Die Medien, Migrationsexperten und Menschenrechtsorganisationen kritisieren den harten Umgang, den die mexikanischen Behörden und Polizisten gegenüber den Zentralamerikanern an den Tag legen. Anstatt die Rechte dieser Migranten zu schützen werde vielmehr Jagd auf die undokumentierten unter ihnen gemacht und in Massen deportiert. Die aufgegriffenen Mi­granten kommen zeitweise in Auffanglagern unter, wo sie in gefängnisähnlichen Zuständen ihrer Abschiebung ausharren müssen. Dabei leiden sie zum Teil Hunger, erhalten in vielen Fällen keine angemessene medizinische Versorgung oder psychologische Erstbetreuung und sind der organisierten Kriminalität und dem korrupten Behörden- und Polizeiapparat Mexikos nach wie vor schutzlos ausgeliefert.

Ein weiterer kritischer Aspekt dieser neuen Abschiebepolitik ist der Umstand, dass die Behör­den keine Asylverfahren einleiten, die prüfen würden, ob jemand Anrecht auf Asyl oder einen temporären Aufenthalt in Mexiko hat. Damit wird das mexikanische Migrationsgesetz schlichtweg verletzt.

Mexiko ist nicht Quelle allen Übels

Dass Mexiko in seiner Rolle eines Durchgangslandes den Wanderungsstrom von Migranten in Richtung der Vereinigten Staaten eindämmen möchte, ist nachvollziehbar. Seine neuesten mi­grationspolitischen Maßnahmen mögen auch eine gewisse Abschreckungswirkung haben. Doch solange sich die Gewalt- und Armutssituation in den Herkunftsländern Zentralamerikas nicht signifikant verbessert, wird der Abwanderungsstrom nicht abreißen. Und solange der Wille oder die Not zu emigrieren besteht, werden immer auch Mittel und Wege gefunden werden, aus der Misere zu flüchten und in das Land der unbegrenzten Möglichkeiten zu ge­langen.
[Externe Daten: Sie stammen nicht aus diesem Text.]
text \<open>Each rectangle of \<open>prism_faces k {1..n+1}\<close> is exposed, by the functional of a nonnegative
  polynomial vanishing exactly at the chosen parameters: of degree below \<open>D\<close> for rectangles with
  both levels, of degree \<open>D\<close> for bottom rectangles; for top rectangles a multiple of \<open>up\<close> is added
  so that the top level is favoured instead.\<close>
lemma full_rectangle_exposed:
  assumes T: "T \<subseteq> {1..n + 1}" and card_T: "card T \<le> k"
  shows "UNIV \<times> T \<in> exposed_subsets v (UNIV \<times> {1..n + 1})"
proof -
  obtain p where p: "degree p = 2 * card T" "\<And>x. poly p x \<ge> 0"
      "\<And>m. m \<in> {1..n + 1} \<Longrightarrow> poly p (t m) = 0 \<longleftrightarrow> m \<in> T"
    using separating_poly[OF T order_refl] by metis
  have "degree (- p) < D"
    using p(1) card_T D by simp
  then have "poly_functional (- p) \<bullet> v (\<alpha>, m) = coeff p 0 - poly p (t m)" for \<alpha> m
    by (simp add: inner_v poly_functional_va poly_functional_last coeff_eq_0)
  then show ?thesis
    by (rule rectangle_exposed_by_slack) (use p(2,3) T in auto)
qed

lemma bottom_rectangle_exposed:
  assumes T: "T \<subseteq> {1..n + 1}" and card_T: "card T \<le> k + 1"
  shows "{False} \<times> T \<in> exposed_subsets v (UNIV \<times> {1..n + 1})"
proof -
  obtain p where p: "degree p = 2 * (k + 1)" "lead_coeff p = 1" "\<And>x. poly p x \<ge> 0"
      "\<And>m. m \<in> {1..n + 1} \<Longrightarrow> poly p (t m) = 0 \<longleftrightarrow> m \<in> T"
    using separating_poly[OF T card_T] by metis
  then have pD: "degree p = D" "coeff p D = 1"
    using D by simp_all
  have lifted_slack_pos: "poly p (t m) + mu m > 0" if "m \<in> {1..n + 1}" for m
    using p(3)[of "t m"] height_pos[OF that] by linarith
  have "poly_functional (- p) \<bullet> v (\<alpha>, m) =
      coeff p 0 - (if \<alpha> then poly p (t m) + mu m else poly p (t m))" for \<alpha> m
    using pD by (simp add: inner_v poly_functional_va poly_functional_last)
  then show ?thesis
  proof (rule rectangle_exposed_by_slack[OF _ _ _ T])
    fix \<alpha> m assume m: "m \<in> {1..n + 1}"
    show "0 \<le> (if \<alpha> then poly p (t m) + mu m else poly p (t m))"
      using p(3)[of "t m"] lifted_slack_pos[OF m] by simp
    show "(if \<alpha> then poly p (t m) + mu m else poly p (t m)) = 0 \<longleftrightarrow> \<alpha> \<in> {False} \<and> m \<in> T"
      using p(4)[OF m] lifted_slack_pos[OF m] by auto
  qed
qed

lemma top_rectangle_exposed:
  assumes T: "T \<subseteq> {1..n + 1}" and card_T: "card T \<le> k + 1"
  shows "{True} \<times> T \<in> exposed_subsets v (UNIV \<times> {1..n + 1})"
proof -
  obtain p where p: "degree p = 2 * (k + 1)" "lead_coeff p = 1" "\<And>x. poly p x \<ge> 0"
      "\<And>m. m \<in> {1..n + 1} \<Longrightarrow> poly p (t m) = 0 \<longleftrightarrow> m \<in> T"
    using separating_poly[OF T card_T] by metis
  then have pD: "degree p = D" "coeff p D = 1"
    using D by simp_all
  have lifted_slack_pos: "poly p (t m) + mu m > 0" if "m \<in> {1..n + 1}" for m
    using p(3)[of "t m"] height_pos[OF that] by linarith
  have up_va: "up \<bullet> va m = t m ^ D" for m
    by (simp add: up_def inner_axis' va_def coords_nth[OF D_in_range])
  have "(poly_functional (- p) + 2 *\<^sub>R up) \<bullet> v (\<alpha>, m) =
      coeff p 0 + lam - (if \<alpha> then poly p (t m) else poly p (t m) + mu m)" for \<alpha> m
    using pD up_va[of m]
    by (simp add: inner_v poly_functional_va poly_functional_last inner_add_left up_def mu_def)
  then show ?thesis
  proof (rule rectangle_exposed_by_slack[OF _ _ _ T])
    fix \<alpha> m assume m: "m \<in> {1..n + 1}"
    show "0 \<le> (if \<alpha> then poly p (t m) else poly p (t m) + mu m)"
      using p(3)[of "t m"] lifted_slack_pos[OF m] by simp
    show "(if \<alpha> then poly p (t m) else poly p (t m) + mu m) = 0 \<longleftrightarrow> \<alpha> \<in> {True} \<and> m \<in> T"
      using p(4)[OF m] lifted_slack_pos[OF m] by auto
  qed
qed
Daher ist es an der Zeit, dass alle beteiligten Staaten der Region – also die USA, Mexiko und die Staaten Zentralamerikas – mit einer gemeinsamen Anstrengung versuchen sollten, das Problem an der Wurzel zu packen. Es ist ohne Zweifel eine höchst komplexe und langwierige Aufgabe, die sie sich stellen müssten. Doch es geht hier schließlich auch um viel, nämlich darum, Millionen von Menschen das Recht auf ein würdiges Leben in Freiheit, Sicherheit und Frieden zu gewähren, ganz gleich, ob sie sich in ihrem Heimatland, illegal im Ausland oder auf der Durchreise befinden.
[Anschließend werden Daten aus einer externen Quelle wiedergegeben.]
(* Let $B$ be an $(n,n-1)$-blocker for a convex $n$-gon $C$ with vertices $0,\dots,n-1$ (indices mod $n$). If the ear-cover $(i-1,i+1)$ does not belong to $B$ and $\deg_B(i)=2$, then $B\setminus\{i\}$ is a minimum-sized blocker (a blocker with exactly $(n-1)-2=n-3$ edges) for the $(n-1)$-gon $C\setminus\{i\}$.
   Context: An edge $(i,j)$ is the segment between vertices $i,j$; boundary edges are $(i,i+1)$, diagonals are the other edges. Two edges cross if they share an interior point. A triangulation is a maximal set of pairwise non-crossing diagonals. A blocker is a set $B$ of diagonals having a diagonal in common with every triangulation; it is saturated if for every $e\in B$, $B\setminus\{e\}$ is not a blocker. An $(n,k)$-blocker is a saturated blocker of size $k$ for a convex $n$-gon. Every blocker of a convex $N$-gon has at least $N-2$ edges; those with exactly $N-2$ are minimum-sized. $(i-1,i+1)$ is the ear-cover covering $i$; $\deg_B(i)$ is the number of edges of $B$ incident to $i$. $C\setminus\{i\}$ is the convex polygon obtained by deleting vertex $i$ (so $(i-1,i+1)$ becomes a side), and $B\setminus\{i\}$ is obtained from $B$ by removing all edges incident to $i$ and the edge $(i-1,i+1)$. *)

theory Defs
  imports Main
begin

text \<open>A convex polygon is represented combinatorially by a finite set V of natural
numbers (its vertices), listed in cyclic order by the natural order of nat.
The convex n-gon is {0..<n}; deleting vertex i gives {0..<n} - {i}.
An edge is an unordered pair of distinct vertices.\<close>

definition boundary_edge :: "nat set \<Rightarrow> nat set \<Rightarrow> bool" where
  "boundary_edge V e \<longleftrightarrow> (\<exists>a b. e = {a, b} \<and> a < b \<and> a \<in> V \<and> b \<in> V \<and>
      ((\<not> (\<exists>x\<in>V. a < x \<and> x < b)) \<or> (\<not> (\<exists>x\<in>V. x < a \<or> b < x))))"

definition diagonal :: "nat set \<Rightarrow> nat set \<Rightarrow> bool" where
  "diagonal V e \<longleftrightarrow> (\<exists>a b. e = {a, b} \<and> a \<noteq> b \<and> a \<in> V \<and> b \<in> V) \<and> \<not> boundary_edge V e"

text \<open>For vertices in convex position, two edges share an interior point iff their
endpoints strictly interleave in the cyclic order.\<close>
definition crosses :: "nat set \<Rightarrow> nat set \<Rightarrow> bool" where
  "crosses e f \<longleftrightarrow> (\<exists>a b c d. ((e = {a, b} \<and> f = {c, d}) \<or> (e = {c, d} \<and> f = {a, b}))
      \<and> a < c \<and> c < b \<and> b < d)"

definition triangulation :: "nat set \<Rightarrow> nat set set \<Rightarrow> bool" where
  "triangulation V T \<longleftrightarrow>
     (\<forall>e\<in>T. diagonal V e) \<and> (\<forall>e\<in>T. \<forall>f\<in>T. \<not> crosses e f) \<and>
     (\<forall>d. diagonal V d \<and> d \<notin> T \<longrightarrow> (\<exists>e\<in>T. crosses d e))"

definition blocker :: "nat set \<Rightarrow> nat set set \<Rightarrow> bool" where
  "blocker V B \<longleftrightarrow> (\<forall>e\<in>B. diagonal V e) \<and> (\<forall>T. triangulation V T \<longrightarrow> B \<inter> T \<noteq> {})"

definition saturated_blocker :: "nat set \<Rightarrow> nat set set \<Rightarrow> bool" where
  "saturated_blocker V B \<longleftrightarrow> blocker V B \<and> (\<forall>e\<in>B. \<not> blocker V (B - {e}))"

definition nk_blocker :: "nat \<Rightarrow> nat \<Rightarrow> nat set set \<Rightarrow> bool" where
  "nk_blocker n k B \<longleftrightarrow> saturated_blocker {0..<n} B \<and> card B = k"

definition minimum_sized_blocker :: "nat set \<Rightarrow> nat set set \<Rightarrow> bool" where
  "minimum_sized_blocker V B \<longleftrightarrow> blocker V B \<and> card B = card V - 2"

definition deg :: "nat set set \<Rightarrow> nat \<Rightarrow> nat" where
  "deg B i = card {e \<in> B. i \<in> e}"

definition ear_cover :: "nat \<Rightarrow> nat \<Rightarrow> nat set" where
  "ear_cover n i = {(i + n - 1) mod n, (i + 1) mod n}"

definition delete_vertex_blocker :: "nat \<Rightarrow> nat set set \<Rightarrow> nat \<Rightarrow> nat set set" where
  "delete_vertex_blocker n B i = {e \<in> B. i \<notin> e} - {ear_cover n i}"

end

theory Submission
  imports Defs
begin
Janina Grimm-Huber (1985) ist studierte Politikwissenschaftlerin und arbeitet nun seit vier Jahren für die Konrad-Adenauer-Stiftung in Mexiko. Als Projektkoordinatorin betreut sie vor allem Pro­jekte im Bereich „Energie-, Klima- und Umweltpolitik“ und der politischen Bildung für junge Nachwuchsführungskräfte.“

[1]   Krogstad, Jens Manuel; Passel, Jeffrey S.: 5 facts about illegal immigration in the U.S., in: Pew Re­search Centre, entnommen aus: http://www.pewresearch.org/fact-tank/2015/07/24/5-facts-about-illegal-im­migration-in-the-u-s/, 30.09.2015.

[2]   Isacson, Adam: Mexico’s other Border. Security, Migration and the Humanitarian Crisis at the Line with Central America, entnommen aus: http://www.wola.org/files/mxgt/report/, am 01.10.2015.

[3]  Ibid.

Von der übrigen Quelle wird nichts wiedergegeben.